To what extent are Taiwanese government institutions penetrated by Chinese intelligence?
Damage Assessment: As seems to be the normal procedure for Taiwan’s Ministry of National Defense (MND), the spokesman, Lo Shao-he, downplayed concerns about the damage from “Chiang’s” spying: “The situation is not as serious as is described in the [media]” (Central News Agency, February 29). Although the rapid denial appears disingenuous, Taiwanese media reported “Chiang” provided information on Taiwan’s early warning radar, E-2T/E-2K Hawkeye surveillance aircraft, and the national air defense network (Taipei Times, February 29). The investigation may be ongoing, but the fact that Taiwanese investigators identified the scope of the damage so quickly suggests the MND could very well be right. The real question now is how was “Chiang” removing data—electronically or by hard copy—because it affects how much technical data was delivered to China.
Chinese Targeting: The number of cases in recent years involving Taiwan’s C4ISR demonstrate Beijing’s interest in it as a target of intelligence. It is not clear, however, whether these are simply collection requirements to be used as appropriate or whether these individuals were targeted because of their access to C4ISR information (Taipei Times, February 29; China Times [Taiwan], February 9, 2011; Taipei Times, February 20, 2008). The inclination is to credit the Chinese intelligence services with superior knowledge and malice aforethought; however, observers should be cautious, and there are many examples of opportunism. If most Chinese espionage cases involve picking up Taiwanese businessmen in the People’s Republic and using them to access Taiwanese government officials, then the deliberateness or opportunism of China’s spies will depend on how well they can investigate the background and connections of those businessmen.

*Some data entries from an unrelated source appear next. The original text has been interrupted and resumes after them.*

text \<open>Write \<open>q = 2p/(p-1)\<close>. On the unit sphere of \<open>L\<^sup>p\<^sup>+\<^sup>1\<close> the definition of \<open>S\<^sub>1\<close> gives
  \<open>\<parallel>u\<parallel> \<ge> \<surd>S\<^sub>1\<close> and duality gives \<open>\<langle>f,u\<rangle> \<le> \<parallel>f\<parallel> \<parallel>u\<parallel>\<close>, so the functional at \<open>u\<close> is at least
  \<open>g(t) = C\<^sub>p t\<^sup>q - \<parallel>f\<parallel> t\<close> with \<open>t = \<parallel>u\<parallel> \<ge> \<surd>S\<^sub>1\<close>. The smallness hypothesis says
  \<open>C\<^sub>p t\<^sup>q\<^sup>-\<^sup>1 > \<parallel>f\<parallel>\<close> at \<open>t = \<surd>S\<^sub>1\<close>, hence \<open>g(t) \<ge> g(\<surd>S\<^sub>1) > 0\<close> for all \<open>t \<ge> \<surd>S\<^sub>1\<close>.
  The infimum is over a nonempty set because a normalised tent function \<open>max 0 (1 - \<bar>x\<bar>)\<close> lies
  in \<open>H\<^sup>s\<close>; its Gagliardo integral is controlled by summing \<open>\<bar>z\<bar>\<^sup>-\<^sup>b\<close> over dyadic shells.\<close>

lemma nn_integral_finite_if_bounded_on_shells:
  fixes g :: "'n::euclidean_space \<Rightarrow> ennreal" and A :: "nat \<Rightarrow> 'n set"
  assumes shells_measurable [measurable]: "\<And>k. A k \<in> sets lborel"
    and shell_radius: "\<And>k. A k \<subseteq> cball 0 (R k)" "\<And>k. 0 \<le> R k"
    and shell_bound: "\<And>z. g z \<noteq> 0 \<Longrightarrow> \<exists>k. z \<in> A k \<and> g z \<le> ennreal (c k)"
    and c_nonneg: "\<And>k. 0 \<le> c k" and summable: "summable (\<lambda>k. c k * R k ^ DIM('n))"
  shows "(\<integral>\<^sup>+z. g z \<partial>lborel) < \<infinity>"
proof -
  define V where "V = unit_ball_vol (real DIM('n))"
  have V: "0 \<le> V" unfolding V_def by simp
  have "g z \<le> (\<Sum>k. ennreal (c k) * indicator (A k) z)" for z
  proof (cases "g z = 0")
    case False
    then obtain k where "z \<in> A k" "g z \<le> ennreal (c k)" using shell_bound by blast
    then have "g z \<le> ennreal (c k) * indicator (A k) z" by simp
    also have "\<dots> \<le> (\<Sum>k. ennreal (c k) * indicator (A k) z)"
      using sum_le_suminf[OF summableI, of "{k}"] by simp
    finally show ?thesis .
  qed simp
  then have "(\<integral>\<^sup>+z. g z \<partial>lborel) \<le> (\<integral>\<^sup>+z. (\<Sum>k. ennreal (c k) * indicator (A k) z) \<partial>lborel)"
    by (intro nn_integral_mono) simp
  also have "\<dots> = (\<Sum>k. \<integral>\<^sup>+z. ennreal (c k) * indicator (A k) z \<partial>lborel)"
    by (rule nn_integral_suminf) measurable
  also have "\<dots> = (\<Sum>k. ennreal (c k) * emeasure lborel (A k))"
    by (intro suminf_cong nn_integral_cmult_indicator shells_measurable)
  also have "\<dots> \<le> (\<Sum>k. ennreal (V * (c k * R k ^ DIM('n))))"
  proof (intro suminf_le summableI)
    fix k
    have "emeasure lborel (A k) \<le> emeasure lborel (cball (0::'n) (R k))"
      using shell_radius by (intro emeasure_mono) auto
    also have "\<dots> = ennreal (V * R k ^ DIM('n))"
      unfolding V_def using shell_radius(2) by (rule emeasure_cball)
    finally have "ennreal (c k) * emeasure lborel (A k) \<le> ennreal (c k) * ennreal (V * R k ^ DIM('n))"
      by (rule mult_left_mono) simp
    then show "ennreal (c k) * emeasure lborel (A k) \<le> ennreal (V * (c k * R k ^ DIM('n)))"
      using c_nonneg by (simp add: ennreal_mult'[symmetric] mult.left_commute)
  qed
  also have "\<dots> < \<infinity>"
    using summable_mult[OF summable, of V] ennreal_suminf_neq_top c_nonneg V shell_radius(2)
    by (simp add: top.not_eq_extremum)
  finally show ?thesis .
qed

Penetration of Taiwan: The normal elements of Taiwanese espionage cases in fact militate against really successful operations, because the Chinese intelligence services are several steps removed from the information they are trying to get. Many Taiwanese spies provide small selections of documents or their own reports that they can mail or fax to China or hand over to the intermediary. Additionally, very few Taiwanese traitors operate for very long inside Taiwan, suggesting military security and the Ministry of Justice Investigation Bureau are relatively effective. Continuing successes in recruiting spies from senior ranks of the Chinese government also suggest Taiwan maintains some security, or these operations never would have gotten off the ground (“General’s Spy Comments Reveal More Than Just Espionage,” China Brief, September 2, 2011).
There are few easy answers to these questions and certainly none that can be considered authoritative outside the Taiwanese government. For those governments and individuals concerned about Taiwan’s security, a little more conscious evaluation probably is in order before throwing up one’s hands entirely. Public answers about the damage of espionage must necessarily be circumspect lest still valuable intelligence methods become widely known; however, Taipei probably should remember the value of reassuring its allies in private.
Notes:
Phillip Saunders and Joshua Wiseman, “Buy, Build, or Steal: China’s Quest for Advanced Military Aviation Technologies,” China Strategic Perspectives, No. 4, National Defense University, Center for the Study of Chinese Military Affairs, December 2011.